Alive III is a live album released by the American hard rock band Kiss in 1993. It is the third installment of the Alive series. The recording of Alive III took place over multiple dates (in Cleveland, Detroit and Indianapolis) during the band's 1992 tour in support of Revenge. It was certified gold in 1994.

Background
Alive III was the first live album the band had released since 1977's Alive II, and the first live recordings released since 1984's Animalize Live Uncensored concert film. The recording of "I Was Made for Lovin' You" was actually recorded at one of the band's soundchecks, but an audience was overdubbed onto the song to make it appear "live", which led to speculation that many other songs on Alive III could be overdubbed, as was done on the first two albums in the series.
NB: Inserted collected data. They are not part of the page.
lemma integrable_stage2_dens: "integrable lborel stage2_dens"
  unfolding stage2_dens_def using s_nonneg s_le_1
  by (intro integrable_mult_bounded[where B=1] integrable_job_dens) auto

lemma integral_stage1_dens: "(\<integral>q. stage1_dens q \<partial>lborel) = stage1_mass f s"
  unfolding stage1_mass_def set_lebesgue_integral_def stage1_dens_def job_dens_def
  by (simp add: ac_simps)

lemma integral_stage2_dens: "(\<integral>q. stage2_dens q \<partial>lborel) = stage2_mass"
proof -
  have "(\<integral>q. stage2_dens q \<partial>lborel) = (\<integral>q. job_dens q - stage1_dens q \<partial>lborel)"
    by (simp add: stage2_dens_def stage1_dens_def algebra_simps)
  then show ?thesis
    using integrable_job_dens integrable_stage1_dens
    by (simp add: integral_job_dens integral_stage1_dens stage2_mass_def)
qed

lemma stage1_mass_nonneg: "0 \<le> stage1_mass f s"
  using stage1_dens_nonneg by (auto simp: integral_stage1_dens[symmetric] intro!: integral_nonneg_AE)

lemma stage2_mass_pos: "0 < stage2_mass"
  using stage1_mass_less_1 by (simp add: stage2_mass_def)

definition mu :: "real \<Rightarrow> real" where
  "mu = running_integral job_dens"

definition stage1_cdf :: "real \<Rightarrow> real" where
  "stage1_cdf = running_integral stage1_dens"

definition stage2_cdf :: "real \<Rightarrow> real" where
  "stage2_cdf = running_integral stage2_dens"

definition stage2_rank :: "real \<Rightarrow> real" where
  "stage2_rank q = stage2_cdf q / stage2_mass"

lemma mu_measurable [measurable]: "mu \<in> borel_measurable lborel"
  and stage1_cdf_measurable [measurable]: "stage1_cdf \<in> borel_measurable lborel"
  and stage2_cdf_measurable [measurable]: "stage2_cdf \<in> borel_measurable lborel"
  unfolding mu_def stage1_cdf_def stage2_cdf_def
  by (intro borel_measurable_running_integral integrable_job_dens integrable_stage1_dens
      integrable_stage2_dens job_dens_nonneg stage1_dens_nonneg stage2_dens_nonneg)+
lemma sum_blk_supported:
  assumes k: "k < length N" and z: "\<And>t. t < n \<Longrightarrow> blk_idx t \<noteq> k \<Longrightarrow> g t = 0"
  shows "(\<Sum>t<n. g t) = (\<Sum>c<N ! k. g (blk_off N k + c))"
proof -
  have "(\<Sum>t<n. g t) = sum g ((\<lambda>c. blk_off N k + c) ` {..<N ! k})"
  proof (rule sum.mono_neutral_right)
    show "\<forall>t\<in>{..<n} - (\<lambda>c. blk_off N k + c) ` {..<N ! k}. g t = 0"
      using z blk_off_idx_add_pos blk_pos_less by (metis Diff_iff image_eqI lessThan_iff)
  qed (use k in auto)
  also have "\<dots> = (\<Sum>c<N ! k. g (blk_off N k + c))" by (subst sum.reindex) (auto simp: inj_on_def)
  finally show ?thesis .
qed

definition blk_rev :: "nat \<Rightarrow> nat" where
  "blk_rev p = blk_off N (blk_idx p) + (N ! blk_idx p - 1 - blk_pos p)"

lemma
  assumes "p < n"
  shows blk_rev_less: "blk_rev p < n"
    and blk_idx_blk_rev[simp]: "blk_idx (blk_rev p) = blk_idx p"
    and blk_pos_blk_rev: "blk_pos (blk_rev p) = N ! blk_idx p - 1 - blk_pos p"
proof -
  have "N ! blk_idx p - 1 - blk_pos p < N ! blk_idx p" using blk_pos_less[OF assms] by auto
  then show "blk_rev p < n" "blk_idx (blk_rev p) = blk_idx p"
    "blk_pos (blk_rev p) = N ! blk_idx p - 1 - blk_pos p"
    unfolding blk_rev_def using blk_idx_less[OF assms] by (simp_all del: blk_off_add_less add: blk_off_add_less)
qed

lemma blk_rev_blk_rev[simp]: "p < n \<Longrightarrow> blk_rev (blk_rev p) = p"
  using blk_rev_less[of p] blk_pos_blk_rev[of p] blk_pos_less[of p] blk_off_idx_add_pos[of p]
  by (simp add: blk_rev_def[of "blk_rev p"])

lemma blk_rev_eq_iff: "p < n \<Longrightarrow> q < n \<Longrightarrow> blk_rev p = blk_rev q \<longleftrightarrow> p = q"
  by (metis blk_rev_blk_rev)

lemma sum_blk_rev: "(\<Sum>s<n. g (blk_rev s)) = (\<Sum>s<n. g s)"
  by (rule sum.reindex_bij_witness[of _ blk_rev blk_rev]) (auto simp: blk_rev_less)

definition jordan_nil :: "complex mat" where
  "jordan_nil = mat n n (\<lambda>(p, q). if q = Suc p \<and> blk_idx q = blk_idx p then 1 else 0)"

lemma jordan_nil_carrier[simp]: "jordan_nil \<in> carrier_mat n n"
  unfolding jordan_nil_def by simp

lemma jordan_nil_dim[simp]: "dim_row jordan_nil = n" "dim_col jordan_nil = n"
  unfolding jordan_nil_def by simp_all

lemma jordan_nil_entry:
  "p < n \<Longrightarrow> q < n \<Longrightarrow> jordan_nil $$ (p, q) = (if q = Suc p \<and> blk_idx q = blk_idx p then 1 else 0)"
  unfolding jordan_nil_def by simp

lemma mult_jordan_nil_entry:
  assumes X: "X \<in> carrier_mat n n" and pq: "p < n" "q < n"
  shows "(X * jordan_nil) $$ (p, q) = (if 0 < blk_pos q then X $$ (p, q - 1) else 0)"
proof -
  have "(X * jordan_nil) $$ (p, q) = (\<Sum>s<n. X $$ (p, s) * jordan_nil $$ (s, q))"
    using mat_mult_entry[OF X jordan_nil_carrier pq] .
  also have "\<dots> = (\<Sum>s<n. if s = q - 1 then (if 0 < blk_pos q then X $$ (p, s) else 0) else 0)"
  proof (rule sum.cong)
    fix s assume "s \<in> {..<n}"
    then have "(q = Suc s \<and> blk_idx q = blk_idx s) \<longleftrightarrow> (0 < blk_pos q \<and> s = q - 1)"
      using blk_pred[OF pq(2)] blk_off_idx_add_pos[of s] blk_off_idx_add_pos[OF pq(2)] pq
      by (cases "blk_pos q") auto
    then show "X $$ (p, s) * jordan_nil $$ (s, q) = (if s = q - 1 then (if 0 < blk_pos q then X $$ (p, s) else 0) else 0)"
      using \<open>s \<in> {..<n}\<close> pq by (auto simp: jordan_nil_entry)
  qed simp
  finally show ?thesis using pq by simp
qed

lemma jordan_nil_mult_entry:
  assumes X: "X \<in> carrier_mat n n" and pq: "p < n" "q < n"
  shows "(jordan_nil * X) $$ (p, q) = (if blk_pos p + 1 < N ! blk_idx p then X $$ (p + 1, q) else 0)"
proof -
  have "(jordan_nil * X) $$ (p, q) = (\<Sum>s<n. jordan_nil $$ (p, s) * X $$ (s, q))"
    using mat_mult_entry[OF jordan_nil_carrier X pq] .
  also have "\<dots> = (\<Sum>s<n. if s = p + 1 then (if blk_pos p + 1 < N ! blk_idx p then X $$ (s, q) else 0) else 0)"
  proof (rule sum.cong)
    fix s assume s: "s \<in> {..<n}"
    then have "(s = Suc p \<and> blk_idx s = blk_idx p) \<longleftrightarrow> (blk_pos p + 1 < N ! blk_idx p \<and> s = p + 1)"
      using blk_succ[OF pq(1)] blk_off_idx_add_pos[of s] blk_off_idx_add_pos[OF pq(1)] blk_pos_less[of s]
      by auto
    then show "jordan_nil $$ (p, s) * X $$ (s, q) =
        (if s = p + 1 then (if blk_pos p + 1 < N ! blk_idx p then X $$ (s, q) else 0) else 0)"
      using s pq by (auto simp: jordan_nil_entry)
  qed simp
  finally show ?thesis using blk_succ[OF pq(1)] by auto
qed

definition centralizer :: "complex mat set" where
  "centralizer = {X \<in> carrier_mat n n. X * jordan_nil = jordan_nil * X}"

lemma centralizer_carrier: "X \<in> centralizer \<Longrightarrow> X \<in> carrier_mat n n"
  unfolding centralizer_def by simp

lemma centralizer_iff_entries:
  assumes X: "X \<in> carrier_mat n n"
  shows "X \<in> centralizer \<longleftrightarrow> (\<forall>p<n. \<forall>q<n.
    (if 0 < blk_pos q then X $$ (p, q - 1) else 0) =
    (if blk_pos p + 1 < N ! blk_idx p then X $$ (p + 1, q) else 0))"
proof -
  have "X * jordan_nil = jordan_nil * X \<longleftrightarrow> (\<forall>p<n. \<forall>q<n. (X * jordan_nil) $$ (p, q) = (jordan_nil * X) $$ (p, q))"
  proof
    assume H: "\<forall>p<n. \<forall>q<n. (X * jordan_nil) $$ (p, q) = (jordan_nil * X) $$ (p, q)"
    show "X * jordan_nil = jordan_nil * X"
    proof (rule eq_matI)
      fix p q assume "p < dim_row (jordan_nil * X)" "q < dim_col (jordan_nil * X)"
      then have "p < n" "q < n" using X by auto
      then show "(X * jordan_nil) $$ (p, q) = (jordan_nil * X) $$ (p, q)" using H by blast
    qed (use X in auto)
  qed simp
  then show ?thesis
    unfolding centralizer_def using X mult_jordan_nil_entry[OF X] jordan_nil_mult_entry[OF X] by auto
qed

lemma centralizer_iff_blocks:
  assumes X: "X \<in> carrier_mat n n"
  shows "X \<in> centralizer \<longleftrightarrow> (\<forall>i<length N. \<forall>j<length N.
    intertwines_shift (N ! i) (N ! j) (\<lambda>r c. X $$ (blk_off N i + r, blk_off N j + c)))"
  unfolding centralizer_iff_entries[OF X]
proof (intro iffI allI impI)
  fix i j assume H: "\<forall>p<n. \<forall>q<n. (if 0 < blk_pos q then X $$ (p, q - 1) else 0) =
      (if blk_pos p + 1 < N ! blk_idx p then X $$ (p + 1, q) else 0)"
    and ij: "i < length N" "j < length N"
  show "intertwines_shift (N ! i) (N ! j) (\<lambda>r c. X $$ (blk_off N i + r, blk_off N j + c))"
    unfolding intertwines_shift_def
  proof (intro allI impI)
    fix r c assume rc: "r < N ! i" "c < N ! j"
    have "0 < c \<Longrightarrow> blk_off N j + c - 1 = blk_off N j + (c - 1)" by simp
    then show "(if 0 < c then X $$ (blk_off N i + r, blk_off N j + (c - 1)) else 0) =
        (if r + 1 < N ! i then X $$ (blk_off N i + (r + 1), blk_off N j + c) else 0)"
      using H[rule_format, of "blk_off N i + r" "blk_off N j + c"] ij rc by (auto simp: add.assoc)
  qed
next
  fix p q assume H: "\<forall>i<length N. \<forall>j<length N.
      intertwines_shift (N ! i) (N ! j) (\<lambda>r c. X $$ (blk_off N i + r, blk_off N j + c))"
    and pq: "p < n" "q < n"
  note e = blk_off_idx_add_pos[OF pq(1)] blk_off_idx_add_pos[OF pq(2)]
  have "0 < blk_pos q \<Longrightarrow> blk_off N (blk_idx q) + (blk_pos q - 1) = q - 1" using e by auto
  moreover have "blk_off N (blk_idx p) + (blk_pos p + 1) = p + 1" using e by auto
  ultimately show "(if 0 < blk_pos q then X $$ (p, q - 1) else 0) =
      (if blk_pos p + 1 < N ! blk_idx p then X $$ (p + 1, q) else 0)"
    using H[rule_format, OF blk_idx_less[OF pq(1)] blk_idx_less[OF pq(2)], unfolded intertwines_shift_def,
        rule_format, OF blk_pos_less[OF pq(1)] blk_pos_less[OF pq(2)]] e by auto
qed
The album is the first Kiss live album released during the group's non-makeup era, followed by Kiss Unplugged in 1996. During the recording of Alive II, Kiss did not want to duplicate songs from Alive!, although some songs in Alive III are duplicate songs from their previous live albums, such as "Rock and Roll All Nite". It is also the first Kiss live album to feature a different lineup to the previous two, which featured the original lineup.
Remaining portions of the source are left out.